+++ Given information +++

lemma finite_dyck_paths: "finite (dyck_paths n)"
proof (rule finite_subset)
  show "dyck_paths n \<subseteq> {d. set d \<subseteq> {..<n} \<and> length d = n}"
    using dyck_path_less by (auto simp: in_dyck_paths_iff)
qed (rule finite_lists_length_eq, simp)

lemma dyck_path_Suc_ConsE:
  assumes "d \<in> dyck_paths (Suc m)"
  obtains ds where "d = 0 # ds"
  using assms by (cases d) (auto simp: in_dyck_paths_iff)

lemma Cons_0_map_Suc_in_dyck_paths:
  "d \<in> dyck_paths m \<Longrightarrow> 0 # map Suc d \<in> dyck_paths (Suc m)"
  by (auto simp: in_dyck_paths_iff sorted_map nth_Cons split: nat.split)

definition starts_flat :: "nat list \<Rightarrow> bool" where
  "starts_flat d \<longleftrightarrow> (\<exists>ds. d = 0 # 0 # ds)"

lemma dyck_paths_Suc_not_starts_flat:
  "{d \<in> dyck_paths (Suc m). \<not> starts_flat d} = (\<lambda>d. 0 # map Suc d) ` dyck_paths m"
proof (intro set_eqI iffI)
  fix d assume "d \<in> {d \<in> dyck_paths (Suc m). \<not> starts_flat d}"
  then have d: "d \<in> dyck_paths (Suc m)" and not_flat: "\<not> starts_flat d" by auto
  obtain ds where d_eq: "d = 0 # ds" using d by (rule dyck_path_Suc_ConsE)
  have sorted: "sorted ds" and bound: "\<forall>i<m. ds ! i \<le> Suc i" and "length ds = m"
    using d unfolding d_eq in_dyck_paths_iff by auto
  have pos: "0 < v" if "v \<in> set ds" for v
  proof -
    have "ds \<noteq> []" using that by auto
    then have "0 < hd ds" using not_flat unfolding d_eq starts_flat_def by (cases ds) auto
    moreover have "hd ds \<le> v" using sorted that by (cases ds) auto
    ultimately show ?thesis by simp
  qed
  let ?d' = "map (\<lambda>v. v - 1) ds"
  have "map Suc ?d' = ds" using pos by (induction ds) auto
  moreover have "?d' \<in> dyck_paths m"
    unfolding in_dyck_paths_iff
  proof (intro conjI allI impI)
    have "sorted_wrt (\<lambda>x y. x - 1 \<le> y - 1) ds"
      using sorted by (simp add: sorted_wrt_mono_rel[of _ "(\<le>)"] diff_le_mono)
    then show "sorted ?d'" by (simp add: sorted_map)
  qed (use bound \<open>length ds = m\<close> in auto)
  ultimately show "d \<in> (\<lambda>d. 0 # map Suc d) ` dyck_paths m"
    unfolding d_eq by (metis image_eqI)
next
  fix d assume "d \<in> (\<lambda>d. 0 # map Suc d) ` dyck_paths m"
  then show "d \<in> {d \<in> dyck_paths (Suc m). \<not> starts_flat d}"
    using Cons_0_map_Suc_in_dyck_paths by (auto simp: starts_flat_def)
qed

text \<open>The path E D1 N D2 of the first-return decomposition: after the first east step, d1 stays
  strictly below the diagonal, which the path first meets again at (k + 1, k + 1).\<close>

definition dyck_join :: "nat \<Rightarrow> nat list \<Rightarrow> nat list \<Rightarrow> nat list" where
  "dyck_join k d1 d2 = 0 # d1 @ map ((+) (Suc k)) d2"

lemma dyck_join_in_dyck_paths:
  assumes "k \<le> m" and d1: "d1 \<in> dyck_paths k" and d2: "d2 \<in> dyck_paths (m - k)"
  shows "dyck_join k d1 d2 \<in> dyck_paths (Suc m)"
proof -
  have len1: "length d1 = k" and "sorted d1" and bound1: "\<forall>i<k. d1 ! i \<le> i"
    using d1 by (auto simp: in_dyck_paths_iff)
  have len2: "length d2 = m - k" and "sorted d2" and bound2: "\<forall>i<m - k. d2 ! i \<le> i"
    using d2 by (auto simp: in_dyck_paths_iff)
  have below: "\<forall>x\<in>set d1. x < k" using d1 dyck_path_less by blast
  have bound: "(d1 @ map ((+) (Suc k)) d2) ! j \<le> Suc j" if "j < m" for j
  proof (cases "j < k")
    case False
    then have "d2 ! (j - k) \<le> j - k" using that bound2 by simp
    moreover have "(d1 @ map ((+) (Suc k)) d2) ! j = Suc k + d2 ! (j - k)"
      using False that len1 len2 by (simp add: nth_append)
    ultimately show ?thesis using False by linarith
  qed (use len1 bound1 in \<open>auto simp: nth_append\<close>)
  show ?thesis
    unfolding in_dyck_paths_iff dyck_join_def
  proof (intro conjI allI impI)
    show "length (0 # d1 @ map ((+) (Suc k)) d2) = Suc m" using len1 len2 \<open>k \<le> m\<close> by simp
    show "sorted (0 # d1 @ map ((+) (Suc k)) d2)"
      using \<open>sorted d1\<close> \<open>sorted d2\<close> below by (auto simp: sorted_append sorted_map)
    fix i assume "i < Suc m"
    then show "(0 # d1 @ map ((+) (Suc k)) d2) ! i \<le> i" using bound by (cases i) auto
  qed
qed

lemma dyck_join_inj_on:
  "inj_on (\<lambda>(k, d1, d2). dyck_join k d1 d2) (SIGMA k:{..m}. dyck_paths k \<times> dyck_paths (m - k))"
proof -
  have index_le: "k' \<le> k"
    if "k \<le> m" "d1 \<in> dyck_paths k" "d2 \<in> dyck_paths (m - k)" "k' \<le> m" "e1 \<in> dyck_paths k'"
      and eq: "d1 @ map ((+) (Suc k)) d2 = e1 @ map ((+) (Suc k')) e2" for k d1 d2 k' e1 e2
  proof (rule ccontr)
    assume "\<not> k' \<le> k"
    with that have "k < k'" "k < m" by auto
    have "length d1 = k" "length d2 = m - k" "length e1 = k'"
      using that by (simp_all add: in_dyck_paths_iff)
    then have "(d1 @ map ((+) (Suc k)) d2) ! k \<ge> Suc k"
      using \<open>k < m\<close> by (simp add: nth_append)
    moreover have "(e1 @ map ((+) (Suc k')) e2) ! k \<le> k"
      using \<open>k < k'\<close> \<open>length e1 = k'\<close> \<open>e1 \<in> dyck_paths k'\<close>
      by (simp add: nth_append in_dyck_paths_iff)
    ultimately show False using eq by simp
  qed
  show ?thesis
  proof (rule inj_onI, clarsimp)
    fix k d1 d2 k' e1 e2
    assume paths: "k \<le> m" "d1 \<in> dyck_paths k" "d2 \<in> dyck_paths (m - k)"
      "k' \<le> m" "e1 \<in> dyck_paths k'" "e2 \<in> dyck_paths (m - k')"
      and "dyck_join k d1 d2 = dyck_join k' e1 e2"
    then have eq: "d1 @ map ((+) (Suc k)) d2 = e1 @ map ((+) (Suc k')) e2"
      by (simp add: dyck_join_def)
    then have "k = k'"
      using index_le[OF paths(1-5) eq] index_le[OF paths(4,5,6,1,2) eq[symmetric]] by linarith
    moreover have "length d1 = length e1"
      using paths \<open>k = k'\<close> by (simp add: in_dyck_paths_iff)
    ultimately show "k = k' \<and> d1 = e1 \<and> d2 = e2"
      using eq by simp
  qed
qed

lemma dyck_path_first_return:
  assumes "0 # xs \<in> dyck_paths (Suc m)"
  obtains k where "k \<le> m" and "\<forall>j<k. xs ! j \<le> j" and "\<forall>v\<in>set (drop k xs). Suc k \<le> v"
proof
  have "length xs = m" and "sorted xs"
    using assms by (auto simp: in_dyck_paths_iff)
  define k where "k = (LEAST j. j = m \<or> Suc j \<le> xs ! j)"
  show "k \<le> m" unfolding k_def by (rule Least_le) simp
  show "\<forall>j<k. xs ! j \<le> j"
  proof (intro allI impI)
    fix j assume "j < k"
    then have "\<not> (j = m \<or> Suc j \<le> xs ! j)" unfolding k_def by (rule not_less_Least)
    then show "xs ! j \<le> j" by simp
  qed
  show "\<forall>v\<in>set (drop k xs). Suc k \<le> v"
  proof
    fix v assume v: "v \<in> set (drop k xs)"
    then have "k < m" using \<open>length xs = m\<close> by (cases "k < m") auto
    then have "Suc k \<le> xs ! k"
      using LeastI[of "\<lambda>j. j = m \<or> Suc j \<le> xs ! j" m] by (simp add: k_def)
    moreover have "drop k xs = xs ! k # drop (Suc k) xs"
      using \<open>k < m\<close> \<open>length xs = m\<close> by (simp add: Cons_nth_drop_Suc)
    with \<open>sorted xs\<close> v have "xs ! k \<le> v"
      using sorted_wrt_drop[of "(\<le>)" xs k] by (auto simp del: sorted_wrt_drop)
    ultimately show "Suc k \<le> v" by simp
  qed
qed

lemma dyck_path_eq_dyck_join:
  assumes "d \<in> dyck_paths (Suc m)"
  obtains k d1 d2 where "k \<le> m" "d1 \<in> dyck_paths k" "d2 \<in> dyck_paths (m - k)"
    "d = dyck_join k d1 d2"
proof -
  obtain xs where d: "d = 0 # xs" using assms by (rule dyck_path_Suc_ConsE)
  have "length xs = m" and "sorted xs" and bound: "\<forall>j<m. xs ! j \<le> Suc j"
    using assms unfolding d in_dyck_paths_iff by auto
  obtain k where "k \<le> m" and below: "\<forall>j<k. xs ! j \<le> j"
    and above: "\<forall>v\<in>set (drop k xs). Suc k \<le> v"
    using assms unfolding d by (rule dyck_path_first_return)
  define d2 where "d2 = map (\<lambda>v. v - Suc k) (drop k xs)"
  have "take k xs \<in> dyck_paths k"
    using \<open>length xs = m\<close> \<open>sorted xs\<close> \<open>k \<le> m\<close> below by (simp add: in_dyck_paths_iff)
  moreover have "d2 \<in> dyck_paths (m - k)"
    unfolding in_dyck_paths_iff
  proof (intro conjI allI impI)
    have "sorted_wrt (\<lambda>x y. x - Suc k \<le> y - Suc k) (drop k xs)"
      using sorted_wrt_drop[OF \<open>sorted xs\<close>]
      by (simp add: sorted_wrt_mono_rel[of _ "(\<le>)"] diff_le_mono)
    then show "sorted d2" by (simp add: d2_def sorted_map)
    fix i assume "i < m - k"
    then have "xs ! (k + i) \<le> Suc (k + i)" using bound by simp
    then show "d2 ! i \<le> i" using \<open>i < m - k\<close> \<open>length xs = m\<close> by (simp add: d2_def)
  qed (simp add: d2_def \<open>length xs = m\<close>)
  moreover have "map ((+) (Suc k)) d2 = drop k xs"
    unfolding d2_def map_map by (rule map_idI) (use above in auto)
  then have "d = dyck_join k (take k xs) d2"
    by (simp add: d dyck_join_def)
  ultimately show ?thesis using \<open>k \<le> m\<close> that by blast
qed

lemma dyck_paths_Suc_eq_dyck_join_image:
  "dyck_paths (Suc m) =
    (\<lambda>(k, d1, d2). dyck_join k d1 d2) ` (SIGMA k:{..m}. dyck_paths k \<times> dyck_paths (m - k))"
proof (intro set_eqI iffI)
  fix d assume "d \<in> dyck_paths (Suc m)"
  then show "d \<in> (\<lambda>(k, d1, d2). dyck_join k d1 d2) `
      (SIGMA k:{..m}. dyck_paths k \<times> dyck_paths (m - k))"
    by (rule dyck_path_eq_dyck_join) force
qed (auto intro: dyck_join_in_dyck_paths)

lemma sum_dyck_paths_Suc_dyck_join:
  "(\<Sum>d\<in>dyck_paths (Suc m). f d) =
    (\<Sum>k\<le>m. \<Sum>d1\<in>dyck_paths k. \<Sum>d2\<in>dyck_paths (m - k). f (dyck_join k d1 d2))"
proof -
  have "(\<Sum>d\<in>dyck_paths (Suc m). f d) =
      (\<Sum>(k, d1, d2)\<in>(SIGMA k:{..m}. dyck_paths k \<times> dyck_paths (m - k)). f (dyck_join k d1 d2))"
    unfolding dyck_paths_Suc_eq_dyck_join_image
    by (subst sum.reindex[OF dyck_join_inj_on]) (simp add: case_prod_beta)
  also have "\<dots> = (\<Sum>k\<le>m. \<Sum>(d1, d2)\<in>dyck_paths k \<times> dyck_paths (m - k). f (dyck_join k d1 d2))"
    by (subst sum.Sigma[symmetric]) (auto simp: finite_dyck_paths)
  also have "\<dots> = (\<Sum>k\<le>m. \<Sum>d1\<in>dyck_paths k. \<Sum>d2\<in>dyck_paths (m - k). f (dyck_join k d1 d2))"
    by (simp add: sum.cartesian_product)
  finally show ?thesis .
qed

definition weight :: "'a::comm_ring_1 \<Rightarrow> 'a \<Rightarrow> nat list \<Rightarrow> 'a" where
  "weight t p d = t ^ seg d * p ^ lseg d"

lemma weight_Nil: "weight t p [] = p"
  by (simp add: weight_def seg_def lseg_no_segments)

lemma weight_Cons_0_map_Suc: "weight t p (0 # map Suc d) = p * weight t p d"
proof -
  have "map Suc d = [] \<or> hd (map Suc d) \<noteq> 0" by (cases d) auto
  then show ?thesis
    by (simp add: weight_def seg_Cons_hd_neq lseg_Cons_hd_neq seg_map lseg_map)
qed

lemma weight_Cons_Cons_Cons: "weight t p (x # x # x # xs) = p * weight t p (x # x # xs)"
  by (simp add: weight_def seg_Cons_Cons_Cons lseg_Cons_Cons_Cons)

lemma weight_Cons_Cons_0_map_Suc: "weight t p (0 # 0 # map Suc d) = t * p ^ 2 * weight t 1 d"
proof -
  have "map Suc d = [] \<or> hd (map Suc d) \<noteq> 0" by (cases d) auto
  then show ?thesis
    by (simp add: weight_def seg_Cons_Cons_hd_neq lseg_Cons_Cons_hd_neq seg_map)
qed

+++

Assignment
Scan each line above for the string "obtains". Give the tally and nothing else.

Output
3